SI
SI
discoversearch

We've detected that you're using an ad content blocking browser plug-in or feature. Ads provide a critical source of revenue to the continued operation of Silicon Investor.  We ask that you disable ad blocking while on Silicon Investor in the best interests of our community.  If you are not using an ad blocker but are still receiving this message, make sure your browser's tracking protection is set to the 'standard' level.
Politics : Formerly About Applied Materials
AMAT 249.89+3.1%Nov 26 3:59 PM EST

 Public ReplyPrvt ReplyMark as Last ReadFilePrevious 10Next 10PreviousNext  
To: Jacob Snyder who wrote (13270)12/14/1997 7:12:00 PM
From: Tito L. Nisperos Jr.  Read Replies (4) of 70976
 
Jacob,

1. "when do LEAPs with expiration in January 2001 become available?"

The '98 LEAPs (renamed ANQ) are to expire this coming Jan, so the '01s are coming soon; I just don't know when, I think a new issue LEAP has at least 2 1/2 year life to begin with...maybe somebody could help us in this...

2. "What is the tax status of LEAPs? If I bought a LEAP, and held it for 18 months, and sold it, does the gain count as a long-term cap. gain? Or do I have to exercise the option, and hold the actual stock for 18 months?
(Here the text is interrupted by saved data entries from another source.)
(* For every integer $n\ge 4$, $\mathrm{wdim}_3(K_n\times K_n)=2n$.
   Context: $K_n\times K_n$ is the direct product of two complete graphs on $n$ vertices: vertex set $[n]\times[n]$ with $[n]=\{1,\dots,n\}$, and $(i,j)$ adjacent to $(i',j')$ iff $i\ne i'$ and $j\ne j'$. For a connected graph $G$ with distance $d_G$, vertices $x,y,z$ and $S\subseteq V(G)$, let $\Delta_z(x,y)=|d_G(x,z)-d_G(y,z)|$ and $\Delta_S(x,y)=\sum_{z\in S}\Delta_z(x,y)$. A set $S$ is a weak $k$-resolving set if $\Delta_S(x,y)\ge k$ for all distinct $x,y\in V(G)$, and $\mathrm{wdim}_k(G)$ is the minimum cardinality of a weak $k$-resolving set of $G$. *)

theory Defs
  imports Main
begin

definition is_walk :: "'a set \<Rightarrow> ('a \<Rightarrow> 'a \<Rightarrow> bool) \<Rightarrow> 'a list \<Rightarrow> bool" where
  "is_walk V E p \<longleftrightarrow> p \<noteq> [] \<and> set p \<subseteq> V \<and> (\<forall>i < length p - 1. E (p ! i) (p ! Suc i))"

definition gdist :: "'a set \<Rightarrow> ('a \<Rightarrow> 'a \<Rightarrow> bool) \<Rightarrow> 'a \<Rightarrow> 'a \<Rightarrow> nat" where
  "gdist V E x y = (LEAST k. \<exists>p. is_walk V E p \<and> hd p = x \<and> last p = y \<and> length p = Suc k)"

definition delta_vertex :: "'a set \<Rightarrow> ('a \<Rightarrow> 'a \<Rightarrow> bool) \<Rightarrow> 'a \<Rightarrow> 'a \<Rightarrow> 'a \<Rightarrow> nat" where
  "delta_vertex V E z x y = nat \<bar>int (gdist V E x z) - int (gdist V E y z)\<bar>"

definition delta_set :: "'a set \<Rightarrow> ('a \<Rightarrow> 'a \<Rightarrow> bool) \<Rightarrow> 'a set \<Rightarrow> 'a \<Rightarrow> 'a \<Rightarrow> nat" where
  "delta_set V E S x y = (\<Sum>z\<in>S. delta_vertex V E z x y)"
lemma card_le_Nz:
  assumes "is_column n c" and "S \<subseteq> set c"
    and "\<forall>x\<in>S. letter_le x (Pos z) \<or> letter_le (Neg z) x"
  shows "card S \<le> Nz z c"
proof -
  let ?P = "\<lambda>x. letter_le x (Pos z) \<or> letter_le (Neg z) x"
  have "distinct c"
    using assms(1) sorted_letter_less_distinct by (simp add: is_column_def)
  then have "Nz z c = card (set (filter ?P c))"
    unfolding Nz_def using distinct_card[OF distinct_filter] by metis
  moreover have "S \<subseteq> set (filter ?P c)"
    using assms(2,3) by auto
  ultimately show ?thesis
    by (simp add: card_mono)
qed

lemma admissible_not_full:
  assumes "admissible n c" and "1 \<le> q" and "q \<le> n"
    and "Pos ` {1..q} \<subseteq> set c"
  shows "Neg q \<notin> set c"
proof
  assume "Neg q \<in> set c"
  let ?S = "insert (Neg q) (Pos ` {1..q})"
  have "card ?S \<le> Nz q c"
    using assms(1,4) \<open>Neg q \<in> set c\<close>
    by (intro card_le_Nz[of n]) (auto simp: admissible_def)
  moreover have "card ?S = q + 1"
    by (subst card_insert_disjoint) (auto simp: card_image inj_on_def)
  moreover have "Nz q c \<le> q"
    using assms(1-3) by (simp add: admissible_def)
  ultimately show False by simp
qed

lemma set_blk2: "set (blk2 a b) = Pos ` {a<..a + b}"
proof -
  have "set (blk2 a b) = Pos ` ((+) a ` {1..<b + 1})"
    unfolding blk2_def set_map set_upt image_image by simp
  also have "(+) a ` {1..<b + 1} = {a<..a + b}"
    by (auto simp: image_iff intro!: bexI[where x = "_ - a"])
  finally show ?thesis .
qed

lemma Neg_in_blkbar: "0 < c \<Longrightarrow> Neg a \<in> set (blkbar a c)"
  by (force simp: blkbar_def)

lemma level_word_take_Root: "take (s (Root t)) (level_word s t) = blk (s (Root t))"
  by (simp add: level_word_def blk_def)

lemma omega_nonempty: "level_word s t \<noteq> [] \<Longrightarrow> omega s t = Some (level_word s t)"
  by (simp add: omega_def)

lemma acol_preceq_omega_Root:
  assumes "acol_preceq n (Some c) (omega s t)" and "is_column n c"
  shows "Pos ` {1..s (Root t)} \<subseteq> set c"
proof (cases "level_word s t = []")
  case True
  then have "s (Root t) = 0"
    using level_word_take_Root[of s t] length_blk[of "s (Root t)"] by simp
  then show ?thesis by simp
next
  case False
  with assms have "col_preceq n c (level_word s t)"
    by (simp add: omega_nonempty)
  then show ?thesis
    using assms(2) level_word_take_Root by (rule col_preceq_blk_prefix)
qed

lemma Pos_rho_Outer_in_level_word:
  assumes "i \<in> {1..<t}"
  shows "Pos ` {nat (val s (pred_outer i (t - i)))<..
                 nat (val s (pred_outer i (t - i))) + s (Outer i (t - i))}
           \<subseteq> set (level_word s t)"
proof -
  have "set (rho s (Outer i (t - i))) \<subseteq> set (level_word s t)"
    using assms by (auto simp: level_word_def)
  then show ?thesis
    by (simp add: set_blk2)
qed

lemma Neg_rho_Inner_in_level_word:
  assumes "i \<in> {1..<t}" and "0 < s (Inner i (t - i))"
  shows "Neg (nat (val s (Outer i (t - i)))) \<in> set (level_word s t)"
proof -
  have "set (rho s (Inner i (t - i))) \<subseteq> set (level_word s t)"
    using assms(1) by (auto simp: level_word_def)
  moreover have "Neg (nat (val s (Outer i (t - i)))) \<in> set (rho s (Inner i (t - i)))"
    using assms(2) by (simp add: Neg_in_blkbar)
  ultimately show ?thesis
    by blast
qed

lemma GT_val_bounds:
  "s \<in> GT k n \<Longrightarrow> valid_vertex v \<Longrightarrow> level v \<le> k \<Longrightarrow> 0 \<le> val s v \<and> val s v \<le> int n"
  by (simp add: GT_def n_labelling_def)

lemma GT_strand_bounds:
  assumes "s \<in> GT k n" and "1 \<le> i" and "i < k"
  shows "s (Inner i 1) \<le> s (Root i) + s (Outer i 1)" and "s (Root i) + s (Outer i 1) \<le> n"
  using GT_val_bounds[OF assms(1), of "Inner i 1"] GT_val_bounds[OF assms(1), of "Outer i 1"] assms(2,3)
  by auto

lemma GT_admissible_level_word:
  assumes "s \<in> GT k n" and "t \<in> {1..k}" and "level_word s t \<noteq> []"
  shows "admissible n (level_word s t)"
proof -
  have "omega s t = None \<or> (\<exists>w. omega s t = Some w \<and> admissible n w)"
    using assms(1,2) by (simp add: GT_def)
  with assms(3) show ?thesis
    by (simp add: omega_nonempty)
qed

theorem proposition6p2:
  fixes k n :: nat and s :: "vertex \<Rightarrow> nat"
  assumes "k \<ge> 2"
    and "s \<in> GT k n"
    and "acol_preceq n (omega s k) (omega s (k - 1))"
  shows "s (Inner (k - 1) 1) = 0"
proof (rule ccontr)
  assume "s (Inner (k - 1) 1) \<noteq> 0"
  define i where "i = k - 1"
  define r where "r = s (Root i)"
  define q where "q = r + s (Outer i 1)"
  define c where "c = level_word s k"
  have i: "1 \<le> i" "k = Suc i"
    using assms(1) by (auto simp: i_def)
  have q_bounds: "1 \<le> q" "q \<le> n"
    using GT_strand_bounds[OF assms(2) i(1)] \<open>s (Inner (k - 1) 1) \<noteq> 0\<close>
    by (auto simp: i q_def r_def)
  have neg: "Neg q \<in> set c"
    using Neg_rho_Inner_in_level_word[of i k s] i \<open>s (Inner (k - 1) 1) \<noteq> 0\<close>
    by (simp add: i c_def q_def r_def flip: of_nat_add)
  then have "c \<noteq> []"
    by auto
  then have "omega s k = Some c" and adm: "admissible n c"
    using GT_admissible_level_word[OF assms(2), of k] i by (simp_all add: c_def omega_nonempty)
  have "Pos ` {1..r} \<subseteq> set c"
    using acol_preceq_omega_Root assms(3) \<open>omega s k = Some c\<close> adm
    by (auto simp: admissible_def i r_def)
  moreover have "Pos ` {r<..q} \<subseteq> set c"
    using Pos_rho_Outer_in_level_word[of i k s] i
    by (simp add: c_def q_def r_def pred_outer_def)
  moreover have "{1..q} = {1..r} \<union> {r<..q}"
    by (auto simp: q_def)
  ultimately have "Pos ` {1..q} \<subseteq> set c"
    by (simp add: image_Un)
  with admissible_not_full[OF adm q_bounds] neg show False
    by blast
qed

end
(* Let $L, M, N$ be positive integers and $\sigma_w^2>0$. For each $n\in\{1,\dots,N\}$ let $\bm{s}_n\in\mathbb{C}^L$, $\overline{\bm{h}}_n\in\mathbb{C}^M$, and let $\bm{R}_n\in\mathbb{C}^{M\times M}$ be Hermitian positive semidefinite with $r_n=\operatorname{rank}(\bm{R}_n)$; let $\bm{R}_n^{1/2}\in\mathbb{C}^{M\times r_n}$ satisfy $\bm{R}_n^{1/2}(\bm{R}_n^{1/2})^H=\bm{R}_n$, and set $\bm{X}_n=\bm{R}_n^{1/2}\otimes\bm{s}_n\in\mathbb{C}^{LM\times r_n}$. Let $\bm{y}\in\mathbb{C}^{LM}$ be given. For $\bm{a}\in[0,1]^N$ define $$\bm{\Sigma}_{\bm{a}}=\sum_{n=1}^N a_n\,\bm{R}_n\otimes(\bm{s}_n\bm{s}_n^H)+\sigma_w^2\bm{I}_{LM},\qquad \overline{\bm{y}}_{\bm{a}}=\sum_{n=1}^N a_n\,\overline{\bm{h}}_n\otimes\bm{s}_n,$$ $$f(\bm{a})=\log|\bm{\Sigma}_{\bm{a}}|+(\bm{y}-\overline{\bm{y}}_{\bm{a}})^H\bm{\Sigma}_{\bm{a}}^{-1}(\bm{y}-\overline{\bm{y}}_{\bm{a}}).$$ Let $\ell>0$ be a Lipschitz constant of $\nabla f$ on $[0,1]^N$. For $\bm{a}\in[0,1]^N$ and $n\in\{1,\dots,N\}$, write $\bm{b}_n=\overline{\bm{h}}_n\otimes\bm{s}_n$, $\bm{r}=\bm{y}-\overline{\bm{y}}_{\bm{a}}$, $\bm{\Sigma}=\bm{\Sigma}_{\bm{a}}$, $\bm{G}_n=\bm{X}_n^H\bm{\Sigma}^{-1}\bm{X}_n$, and define the quartic polynomial in $d\in\mathbb{R}$ $$\begin{aligned}p_{\mathrm{approx}}(d)={}&f(\bm{a})+d\,\operatorname{tr}(\bm{G}_n)-2d\operatorname{Re}\big(\bm{r}^H\bm{\Sigma}^{-1}\bm{b}_n\big)+d^2\,\bm{b}_n^H\bm{\Sigma}^{-1}\bm{b}_n\\&-d\,\bm{r}^H\bm{\Sigma}^{-1}\bm{X}_n(\bm{I}_{r_n}-d\,\bm{G}_n)\bm{X}_n^H\bm{\Sigma}^{-1}\bm{r}\\&+2d^2\operatorname{Re}\big(\bm{r}^H\bm{\Sigma}^{-1}\bm{X}_n(\bm{I}_{r_n}-d\,\bm{G}_n)\bm{X}_n^H\bm{\Sigma}^{-1}\bm{b}_n\big)\\&-d^3\,\bm{b}_n^H\bm{\Sigma}^{-1}\bm{X}_n(\bm{I}_{r_n}-d\,\bm{G}_n)\bm{X}_n^H\bm{\Sigma}^{-1}\bm{b}_n.\end{aligned}$$ Then there exists a constant $c>0$ such that for every $\bm{a}\in[0,1]^N$, every $n\in\{1,\dots,N\}$ and every $\mu\ge \ell+c$, any minimizer $\bar d$ of $p_{\mathrm{approx}}(d)+\frac{\mu}{2}d^2$ over $d\in[-a_n,1-a_n]$ satisfies $$f(\bm{a}+\bar d\,\bm{e}_n)\le f(\bm{a})-\frac{[\mathcal{V}(\bm{a})]_n^2}{2(\mu+c)},$$ where $\bm{e}_n$ is the $n$-th standard basis vector of $\mathbb{R}^N$ and $\mathcal{V}(\bm{a})=\big|\operatorname{Proj}(\bm{a}-\nabla f(\bm{a}))-\bm{a}\big|\in\mathbb{R}^N_+$, with $\operatorname{Proj}$ the coordinatewise projection onto $[0,1]$ and $|\cdot|$ the coordinatewise absolute value.
   Context: $|\cdot|$ applied to a matrix denotes its determinant; $\otimes$ is the Kronecker product; $(\cdot)^H$ is conjugate transpose. The gradient of $f$ has components $[\nabla f(\bm{a})]_n=\operatorname{tr}(\bm{X}_n^H\bm{\Sigma}_{\bm{a}}^{-1}\bm{X}_n)-\|\bm{X}_n^H\bm{\Sigma}_{\bm{a}}^{-1}(\bm{y}-\overline{\bm{y}}_{\bm{a}})\|_2^2-2\operatorname{Re}\big((\bm{y}-\overline{\bm{y}}_{\bm{a}})^H\bm{\Sigma}_{\bm{a}}^{-1}(\overline{\bm{h}}_n\otimes\bm{s}_n)\big)$. The function $f$ is the negative log-likelihood (up to constants) of the MLE device activity detection problem, minimized over $\bm{a}\in[0,1]^N$. *)

theory Defs
  imports "Jordan_Normal_Form.Schur_Decomposition" "Jordan_Normal_Form.DL_Rank"
    "Jordan_Normal_Form.Gauss_Jordan_Elimination"
begin
(* Suppose $F$ is symmetric ($F(-i)=1-F(i)$ for all $i$) and fix $R\in(0,1)$. (i) If the receiver obtains only buy recommendations (resp. only don't-buy recommendations), then as their number tends to infinity the posterior probability of $(1,1)$ (resp. $(0,0)$) converges to $1$: $\lim_{b\to\infty}p_H(b,0)=1$ and $\lim_{d\to\infty}p_L(0,d)=1$. (ii) If the receiver obtains mixed recommendations, then for all $b,d>0$, $p_1(b,d)/p_2(b,d)=q_1/q_2$ and $p_H(b,d)=p_L(b,d)=0$.
   Context: Setting. Consumer types are $i\in[-1/2,1/2]$, distributed according to a continuous cumulative distribution function $F$ with full support on $[-1/2,1/2]$. A product has a quality vector $(Q_1,Q_2)\in\{0,1\}^2$; a type-$i$ consumer gets payoff $(1/2+i)Q_1+(1/2-i)Q_2$. The versions $(1,1),(1,0),(0,1),(0,0)$ have prior probabilities $q_H,q_1,q_2,q_L$, all strictly positive and summing to $1$. Given a threshold $R\in(0,1)$, each sender, with type drawn from $F$ independently of the product and of the other senders, gives a buy recommendation if her payoff from the product is at least $R$ and a don't-buy recommendation otherwise. Let $\phi_1(R)=1-F(R-1/2)$, $\phi_2(R)=F(1/2-R)$. After observing $b$ buy and $d$ don't-buy recommendations ($b+d>0$), the receiver's Bayesian posterior $(p_H(b,d),p_1(b,d),p_2(b,d),p_L(b,d))$ over $(1,1),(1,0),(0,1),(0,0)$ is proportional to $(q_H\mathbf 1[d=0],\ q_1\phi_1(R)^b(1-\phi_1(R))^d,\ q_2\phi_2(R)^b(1-\phi_2(R))^d,\ q_L\mathbf 1[b=0])$. *)

theory Defs
  imports Complex_Main
begin

definition cont_cdf_full_support :: "(real \<Rightarrow> real) \<Rightarrow> bool" where
  "cont_cdf_full_support F \<longleftrightarrow>
     continuous_on UNIV F \<and>
     (\<forall>x. x \<le> -1/2 \<longrightarrow> F x = 0) \<and>
     (\<forall>x. x \<ge> 1/2 \<longrightarrow> F x = 1) \<and>
     mono F \<and>
     strict_mono_on {-1/2..1/2} F"

definition phi1 :: "(real \<Rightarrow> real) \<Rightarrow> real \<Rightarrow> real" where
  "phi1 F R = 1 - F (R - 1/2)"

definition phi2 :: "(real \<Rightarrow> real) \<Rightarrow> real \<Rightarrow> real" where
  "phi2 F R = F (1/2 - R)"

text \<open>Unnormalized posterior weights of versions (1,1),(1,0),(0,1),(0,0).\<close>
definition wH :: "real \<Rightarrow> nat \<Rightarrow> nat \<Rightarrow> real" where
  "wH qH b d = (if d = 0 then qH else 0)"
definition w1 :: "(real \<Rightarrow> real) \<Rightarrow> real \<Rightarrow> real \<Rightarrow> nat \<Rightarrow> nat \<Rightarrow> real" where
  "w1 F R q1 b d = q1 * phi1 F R ^ b * (1 - phi1 F R) ^ d"
definition w2 :: "(real \<Rightarrow> real) \<Rightarrow> real \<Rightarrow> real \<Rightarrow> nat \<Rightarrow> nat \<Rightarrow> real" where
  "w2 F R q2 b d = q2 * phi2 F R ^ b * (1 - phi2 F R) ^ d"
definition wL :: "real \<Rightarrow> nat \<Rightarrow> nat \<Rightarrow> real" where
  "wL qL b d = (if b = 0 then qL else 0)"

definition wtot :: "(real \<Rightarrow> real) \<Rightarrow> real \<Rightarrow> real \<Rightarrow> real \<Rightarrow> real \<Rightarrow> real \<Rightarrow> nat \<Rightarrow> nat \<Rightarrow> real" where
  "wtot F R qH q1 q2 qL b d = wH qH b d + w1 F R q1 b d + w2 F R q2 b d + wL qL b d"

definition pH where "pH F R qH q1 q2 qL b d = wH qH b d / wtot F R qH q1 q2 qL b d"
definition p1 where "p1 F R qH q1 q2 qL b d = w1 F R q1 b d / wtot F R qH q1 q2 qL b d"
definition p2 where "p2 F R qH q1 q2 qL b d = w2 F R q2 b d / wtot F R qH q1 q2 qL b d"
definition pL where "pL F R qH q1 q2 qL b d = wL qL b d / wtot F R qH q1 q2 qL b d"

end

theory Submission
  imports Defs
begin

text \<open>A sender recommends (1,0) iff her type is at least R - 1/2 and (0,1) iff it is at
  most 1/2 - R, so by symmetry of F both versions get a buy recommendation with the same
  probability \<open>phi1 = phi2\<close>, which full support puts strictly between 0 and 1. Mixed
  recommendations exclude (1,1) and (0,0), and equal likelihoods leave the prior odds of
  (1,0) against (0,1) unchanged. Unanimous buy (don't-buy) recommendations have
  likelihood one under (1,1) (resp. (0,0)) and geometrically vanishing likelihood under
  (1,0) and (0,1).\<close>

lemma cdf_strictly_between_0_1:
  assumes "cont_cdf_full_support F" and "-1/2 < x" "x < 1/2"
  shows "0 < F x \<and> F x < 1"
proof -
  have F_ends: "F (-1/2) = 0" "F (1/2) = 1"
    and mono: "strict_mono_on {-1/2..1/2} F"
    using assms(1) unfolding cont_cdf_full_support_def by auto
  have "F (-1/2) < F x" "F x < F (1/2)"
    using strict_mono_onD[OF mono, of "-1/2" x] strict_mono_onD[OF mono, of x "1/2"] assms(2,3)
    by auto
  then show ?thesis using F_ends by simp
qed

lemma phi1_strictly_between_0_1:
  assumes "cont_cdf_full_support F" and "0 < R" "R < 1"
  shows "0 < phi1 F R \<and> phi1 F R < 1"
  using cdf_strictly_between_0_1[OF assms(1), of "R - 1/2"] assms(2,3)
  by (simp add: phi1_def)

lemma phi2_strictly_between_0_1:
  assumes "cont_cdf_full_support F" and "0 < R" "R < 1"
  shows "0 < phi2 F R \<and> phi2 F R < 1"
  using cdf_strictly_between_0_1[OF assms(1), of "1/2 - R"] assms(2,3)
  by (simp add: phi2_def)

lemma phi1_eq_phi2_if_symmetric:
  assumes "\<And>i. F (- i) = 1 - F i"
  shows "phi1 F R = phi2 F R"
  using assms[of "R - 1/2"] by (simp add: phi1_def phi2_def)

lemma tendsto_div_add_geometric:
  fixes a c e x y :: real
  assumes "a \<noteq> 0" "\<bar>x\<bar> < 1" "\<bar>y\<bar> < 1"
  shows "(\<lambda>n. a / (a + c * x ^ n + e * y ^ n)) \<longlonglongrightarrow> 1"
proof -
  have "(\<lambda>n. a / (a + c * x ^ n + e * y ^ n)) \<longlonglongrightarrow> a / (a + c * 0 + e * 0)"
    using assms by (intro tendsto_intros LIMSEQ_power_zero) auto
  then show ?thesis using assms(1) by simp
qed

lemma pH_buy_only:
  assumes "b > 0"
  shows "pH F R qH q1 q2 qL b 0 = qH / (qH + q1 * phi1 F R ^ b + q2 * phi2 F R ^ b)"
  using assms by (simp add: pH_def wtot_def wH_def w1_def w2_def wL_def)

lemma pL_dont_buy_only:
  assumes "d > 0"
  shows "pL F R qH q1 q2 qL 0 d
    = qL / (qL + q1 * (1 - phi1 F R) ^ d + q2 * (1 - phi2 F R) ^ d)"
  using assms by (simp add: pL_def wtot_def wH_def w1_def w2_def wL_def add_ac)

lemma pH_buy_only_tendsto_1:
  assumes "qH \<noteq> 0" "\<bar>phi1 F R\<bar> < 1" "\<bar>phi2 F R\<bar> < 1"
  shows "(\<lambda>b. pH F R qH q1 q2 qL b 0) \<longlonglongrightarrow> 1"
proof (rule Lim_transform_eventually)
  show "(\<lambda>b. qH / (qH + q1 * phi1 F R ^ b + q2 * phi2 F R ^ b)) \<longlonglongrightarrow> 1"
    using assms by (rule tendsto_div_add_geometric)
  show "\<forall>\<^sub>F b in sequentially.
      qH / (qH + q1 * phi1 F R ^ b + q2 * phi2 F R ^ b) = pH F R qH q1 q2 qL b 0"
    using eventually_gt_at_top[of 0] by (rule eventually_mono) (simp add: pH_buy_only)
qed

lemma pL_dont_buy_only_tendsto_1:
  assumes "qL \<noteq> 0" "\<bar>1 - phi1 F R\<bar> < 1" "\<bar>1 - phi2 F R\<bar> < 1"
  shows "(\<lambda>d. pL F R qH q1 q2 qL 0 d) \<longlonglongrightarrow> 1"
proof (rule Lim_transform_eventually)
  show "(\<lambda>d. qL / (qL + q1 * (1 - phi1 F R) ^ d + q2 * (1 - phi2 F R) ^ d)) \<longlonglongrightarrow> 1"
    using assms by (rule tendsto_div_add_geometric)
  show "\<forall>\<^sub>F d in sequentially.
      qL / (qL + q1 * (1 - phi1 F R) ^ d + q2 * (1 - phi2 F R) ^ d) = pL F R qH q1 q2 qL 0 d"
    using eventually_gt_at_top[of 0] by (rule eventually_mono) (simp add: pL_dont_buy_only)
qed

lemma pH_mixed: "d > 0 \<Longrightarrow> pH F R qH q1 q2 qL b d = 0"
  by (simp add: pH_def wH_def)

lemma pL_mixed: "b > 0 \<Longrightarrow> pL F R qH q1 q2 qL b d = 0"
  by (simp add: pL_def wL_def)

lemma p1_div_p2_eq_w1_div_w2:
  assumes "wtot F R qH q1 q2 qL b d \<noteq> 0"
  shows "p1 F R qH q1 q2 qL b d / p2 F R qH q1 q2 qL b d = w1 F R q1 b d / w2 F R q2 b d"
  using assms by (simp add: p1_def p2_def)

lemma p1_div_p2_mixed:
  assumes "b > 0" "d > 0" and "phi1 F R = phi2 F R" and "0 < phi1 F R" "phi1 F R < 1"
    and "q1 > 0" "q2 > 0"
  shows "p1 F R qH q1 q2 qL b d / p2 F R qH q1 q2 qL b d = q1 / q2"
proof -
  define t where "t = phi1 F R ^ b * (1 - phi1 F R) ^ d"
  have "t > 0" using assms(4,5) by (simp add: t_def)
  have w: "w1 F R q1 b d = q1 * t" "w2 F R q2 b d = q2 * t"
    using assms(3) by (simp_all add: w1_def w2_def t_def)
  have "wtot F R qH q1 q2 qL b d = (q1 + q2) * t"
    using assms(1,2) w by (simp add: wtot_def wH_def wL_def algebra_simps)
  then have "wtot F R qH q1 q2 qL b d \<noteq> 0" using \<open>t > 0\<close> assms(6,7) by simp
  then show ?thesis using \<open>t > 0\<close> by (simp add: p1_div_p2_eq_w1_div_w2 w)
qed

theorem lemma3:
  fixes F :: "real \<Rightarrow> real" and R qH q1 q2 qL :: real
  assumes cdf: "cont_cdf_full_support F"
    and sym: "\<And>i. F (- i) = 1 - F i"
    and R: "0 < R" "R < 1"
    and q_pos: "qH > 0" "q1 > 0" "q2 > 0" "qL > 0"
    and q_sum: "qH + q1 + q2 + qL = 1"
  shows "((\<lambda>b. pH F R qH q1 q2 qL b 0) \<longlonglongrightarrow> 1)
    \<and> ((\<lambda>d. pL F R qH q1 q2 qL 0 d) \<longlonglongrightarrow> 1)
    \<and> (\<forall>b d. b > 0 \<and> d > 0 \<longrightarrow>
           p1 F R qH q1 q2 qL b d / p2 F R qH q1 q2 qL b d = q1 / q2
         \<and> pH F R qH q1 q2 qL b d = 0 \<and> pL F R qH q1 q2 qL b d = 0)"
proof -
  have phi1: "0 < phi1 F R" "phi1 F R < 1"
    using phi1_strictly_between_0_1[OF cdf R] by auto
  have phi2: "0 < phi2 F R" "phi2 F R < 1"
    using phi2_strictly_between_0_1[OF cdf R] by auto
  have buy: "(\<lambda>b. pH F R qH q1 q2 qL b 0) \<longlonglongrightarrow> 1"
    using q_pos phi1 phi2 by (intro pH_buy_only_tendsto_1) auto
  have dont_buy: "(\<lambda>d. pL F R qH q1 q2 qL 0 d) \<longlonglongrightarrow> 1"
    using q_pos phi1 phi2 by (intro pL_dont_buy_only_tendsto_1) auto
  have phi_eq: "phi1 F R = phi2 F R"
    using sym by (rule phi1_eq_phi2_if_symmetric)
  have "p1 F R qH q1 q2 qL b d / p2 F R qH q1 q2 qL b d = q1 / q2" if "b > 0" "d > 0" for b d
    using that phi_eq phi1 q_pos(2,3) by (rule p1_div_p2_mixed)
  with buy dont_buy show ?thesis by (simp add: pH_mixed pL_mixed)
qed

end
If the latter is true, this makes LEAPs much less appealing to me."

Unless they changed the rules in the new tax code, the LEAPs are treated like stocks---the gains/losses are treated short/long term depending upon the holding period.

3. "Know any good books on LEAPs?"

I don't know; mine is self-taught.

4. "Is there any advantage to choosing the LEAP that is the most liquid (i.e., the option with the most # of contracts sold)?"

Not necessarily; the most traded now may not be popular when the stock is way down or way up, the popular ones are those with exercise prices near where the stock is presently traded.

"What do you think of this as the lowest-risk strategy for LEAPs (yes, I know, using the phrase low-risk and LEAP in the same sentence is absurd):"

1. "Wait for a double bottom in the stock price, and then wait a bit longer, to make sure it really is a bottom. Make sure you don't buy as it's still going down, even if this means buying well after the bottom."

2. "Start buying calls, in small increments."

3. "Buy the longest-term LEAP available."

4. "Buy in-the-money, or slightly out-of-the-money. This makes the LEAP a close proxy of the stock itself, with less equity required."

5. "Have no more than 10% of your portfolio in LEAPs."

6. "When the stock has doubled from its low, begin selling, in small increments. Begin by selling the options that expire first."

7. "If the stock doesn't double, then roll the LEAPs over, to the next (longest-term) LEAP available. Roll them over within 6 months of when they become available."

8. "Never let a LEAP get to within 6 months of expiration. Sell, even if it means a loss."

9. "Once the underlying has doubled from its low, then sell all LEAPs on any 30% correction, as 30% corrections usually foretell a 50% correction lasting many months."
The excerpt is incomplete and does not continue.